2) Flexibility is a muscle you can train.
My baby is an extroverted, adaptable rockstar. As a lifelong introvert, I am baffled by his ability to be handed to stranger after stranger without even a pouty-face. By the end of the conference, I had let go of my anxiety about keeping to his schedule and figuring out logistics because he just made it so easy for me. It’s made me realize how much of my life has been spent thinking about all the possibilities I can plan for and how few of those plans I actually end up using. Planning is important, but I was a lot happier when I just sat back, enjoyed the present and dealt with the problems as they came up. It’s made me decide to consciously practice spontaneity and challenge myself to avoid the worst-case scenarios. After years of managing risk as part of my job, I’m not worried about losing my ability to plan, but I think I can find a better balance between being planful and flexible.
3) Accessibility can’t be an afterthought.
I live a privileged life that does not usually involve having difficulties with mobility. It’s so easy for me to forget what barriers mean when I’m used to strolling up a set of stairs, walking through snow drifts, or riding up an escalator. Getting around at the conference took a lot of extra thought from figuring out where elevators were, to allotting extra time to maneuver a stroller along snowy, gravelly sidewalks. By the end of the day, the smallest issues made a huge impact on my mental well-being and subsequently my desire to remain engaged. Trying to get into a coffee shop to meet my colleagues only to find a set of stairs, or a floor plan that didn’t have room for the stroller made me want to turn around and go back to my hotel. What this would be like every day overwhelms me. We need to do better than shrug our shoulders as we try to find ways to support students with disabilities. We need to be committed to finding solutions.

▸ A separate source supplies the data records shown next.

(* Cover U = {C 0, ..., C (n-1)}; e k is a probability distribution on Out^(C k);
   marginals on pairwise intersections agree. *)
definition empirical_model ::
  "'o set \<Rightarrow> (nat \<Rightarrow> 'x set) \<Rightarrow> nat \<Rightarrow> (nat \<Rightarrow> ('x \<rightharpoonup> 'o) pmf) \<Rightarrow> bool" where
  "empirical_model Out C n e \<longleftrightarrow>
     (\<forall>k<n. set_pmf (e k) \<subseteq> sections Out (C k)) \<and>
     (\<forall>k<n. \<forall>k'<n. map_pmf (\<lambda>s. s |` (C k \<inter> C k')) (e k)
                    = map_pmf (\<lambda>s. s |` (C k \<inter> C k')) (e k'))"

(* S_e(U): support of the marginal e_U (of e_C for any C containing U). *)
definition supp_e ::
  "(nat \<Rightarrow> 'x set) \<Rightarrow> nat \<Rightarrow> (nat \<Rightarrow> ('x \<rightharpoonup> 'o) pmf) \<Rightarrow> 'x set \<Rightarrow> ('x \<rightharpoonup> 'o) set" where
  "supp_e C n e U = {t. \<exists>k<n. U \<subseteq> C k \<and> pmf (map_pmf (\<lambda>s. s |` U) (e k)) t > 0}"

definition poss_extendable ::
  "(nat \<Rightarrow> 'x set) \<Rightarrow> nat \<Rightarrow> (nat \<Rightarrow> ('x \<rightharpoonup> 'o) pmf) \<Rightarrow> bool" where
  "poss_extendable C n e \<longleftrightarrow>
     (\<forall>k<n. \<forall>s\<in>supp_e C n e (C k). \<exists>f. f k = s \<and> (\<forall>i<n. f i \<in> supp_e C n e (C i)) \<and>
        (\<forall>i<n. \<forall>j<n. f i |` (C i \<inter> C j) = f j |` (C i \<inter> C j)))"

definition strongly_contextual ::
  "(nat \<Rightarrow> 'x set) \<Rightarrow> nat \<Rightarrow> (nat \<Rightarrow> ('x \<rightharpoonup> 'o) pmf) \<Rightarrow> bool" where
  "strongly_contextual C n e \<longleftrightarrow>
     (\<forall>k<n. \<forall>s\<in>supp_e C n e (C k). \<not> (\<exists>f. f k = s \<and> (\<forall>i<n. f i \<in> supp_e C n e (C i)) \<and>
        (\<forall>i<n. \<forall>j<n. f i |` (C i \<inter> C j) = f j |` (C i \<inter> C j))))"
(* Let $W_1,\dots,W_{15}$ be $15$ mutually unbiased weighing matrices of order $16$ and weight $9$. Let $Y\subset\mathbb{R}^{16}$ be the set of row vectors of $I_{16},\frac13W_1,\dots,\frac13W_{15}$ (so $|Y|=256$). Then the graph with vertex set $Y$ in which two distinct vectors are adjacent if and only if they are orthogonal is a strongly regular graph with parameters $(256,120,56,56)$.
   Context: A weighing matrix of order $n$ and weight $k$ is an $n\times n$ matrix $W$ with entries in $\{1,-1,0\}$ such that $WW^T=kI_n$. Two weighing matrices $W_1,W_2$ of order $n$ and weight $k$ are unbiased if $\frac{1}{\sqrt{k}}W_1W_2^T$ is also a weighing matrix of order $n$ and weight $k$; a set is mutually unbiased if any two distinct members are unbiased. A strongly regular graph with parameters $(v,k,\lambda,\mu)$ is a $k$-regular graph on $v$ vertices in which any two adjacent vertices have exactly $\lambda$ common neighbours and any two distinct non-adjacent vertices have exactly $\mu$ common neighbours. *)

theory Defs
  imports "HOL-Analysis.Analysis" "HOL-Library.Numeral_Type"
begin

definition weighing_matrix :: "real^'n^'n \<Rightarrow> nat \<Rightarrow> bool" where
  "weighing_matrix W k \<longleftrightarrow>
     (\<forall>i j. W $ i $ j \<in> {1, -1, 0}) \<and> W ** transpose W = real k *\<^sub>R mat 1"

definition unbiased_weighing :: "real^'n^'n \<Rightarrow> real^'n^'n \<Rightarrow> nat \<Rightarrow> bool" where
  "unbiased_weighing W1 W2 k \<longleftrightarrow>
     weighing_matrix ((1 / sqrt (real k)) *\<^sub>R (W1 ** transpose W2)) k"

definition strongly_regular :: "'a set \<Rightarrow> ('a \<Rightarrow> 'a \<Rightarrow> bool) \<Rightarrow> nat \<Rightarrow> nat \<Rightarrow> nat \<Rightarrow> nat \<Rightarrow> bool" where
  "strongly_regular V E v k l m \<longleftrightarrow>
     finite V \<and> card V = v \<and>
     (\<forall>x\<in>V. \<forall>y\<in>V. E x y \<longleftrightarrow> E y x) \<and> (\<forall>x\<in>V. \<not> E x x) \<and>
     (\<forall>x\<in>V. card {y\<in>V. E x y} = k) \<and>
     (\<forall>x\<in>V. \<forall>y\<in>V. x \<noteq> y \<and> E x y \<longrightarrow> card {z\<in>V. E x z \<and> E y z} = l) \<and>
     (\<forall>x\<in>V. \<forall>y\<in>V. x \<noteq> y \<and> \<not> E x y \<longrightarrow> card {z\<in>V. E x z \<and> E y z} = m)"

end

theory Submission
  imports Defs
begin

(*
  The 256 vectors are the rows of the sixteen orthogonal matrices I and W_i / 3, so they are
  unit vectors forming a tight frame of R^16 with frame bound 16, and the squared inner product
  of two distinct ones is 0 or 1/9.  Together these facts evaluate the sum of all fourth powers
  of inner products and show that it attains the degree-4 Welch bound; in the equality case the
  fourth moment tensor of the vectors is a multiple of the isotropic tensor, i.e. they form a
  spherical 4-design.  Since the squared inner products take only the values 1, 0 and 1/9,
  orthogonality of two vectors is the polynomial 1 - 9 c^2 + 8 [p = q] in their inner product
  c, so degrees and numbers of common neighbours are sums of second and fourth moments of the
  frame, which the tight frame and design identities evaluate to 120 and 56.
*)

lemma sum_mult_delta:
  fixes a :: "'n::finite" and f :: "'n \<Rightarrow> real"
  shows "(\<Sum>b\<in>UNIV. f b * of_bool (a = b)) = f a"
    and "(\<Sum>b\<in>UNIV. f b * of_bool (b = a)) = f a"
  by simp_all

4) It really does take a village.
I am beyond grateful that I work in Student Affairs at Ryerson, and within the field of education. With over a dozen colleagues there to support, I had the confidence to stretch myself and engage in ways that would never have been possible if I had tried to do this alone. Sure I was tired, sometimes cranky, but I could be my authentic self and I knew I had my #RyersonSA family there with me. It made a huge difference. I’m also really grateful that I work in the field of Student Affairs. The number of #SAparents who engaged me to cheer me on, give me a wink, or just express solidarity was moving.
The highlight of my conference came during my presentation with Jen Gonzales, as during our last 10 minutes Marcus just couldn’t last without food any longer. So I strapped him in the carrier and nursed him as we finished talking about our transformative relationship and how it has impacted how we see women in leadership. In the moment, it didn’t seem like a big deal since I’ve been doing it for 9 months, but one of the participants in the session gave me some very positive feedback about how seeing a mother breastfeed while presenting at a professional conference affected her. On one hand, I wish that this wasn’t something so out-of-the ordinary, but I’m also really gratified that the effort I put into attending with Marcus did seem to have an impact. Given the choice, I would probably ask my partner to look after the kids for future conferences, but I hope I see other moms and dads bring their babies. And if they do, I’ll be first in line to take a turn in supporting them.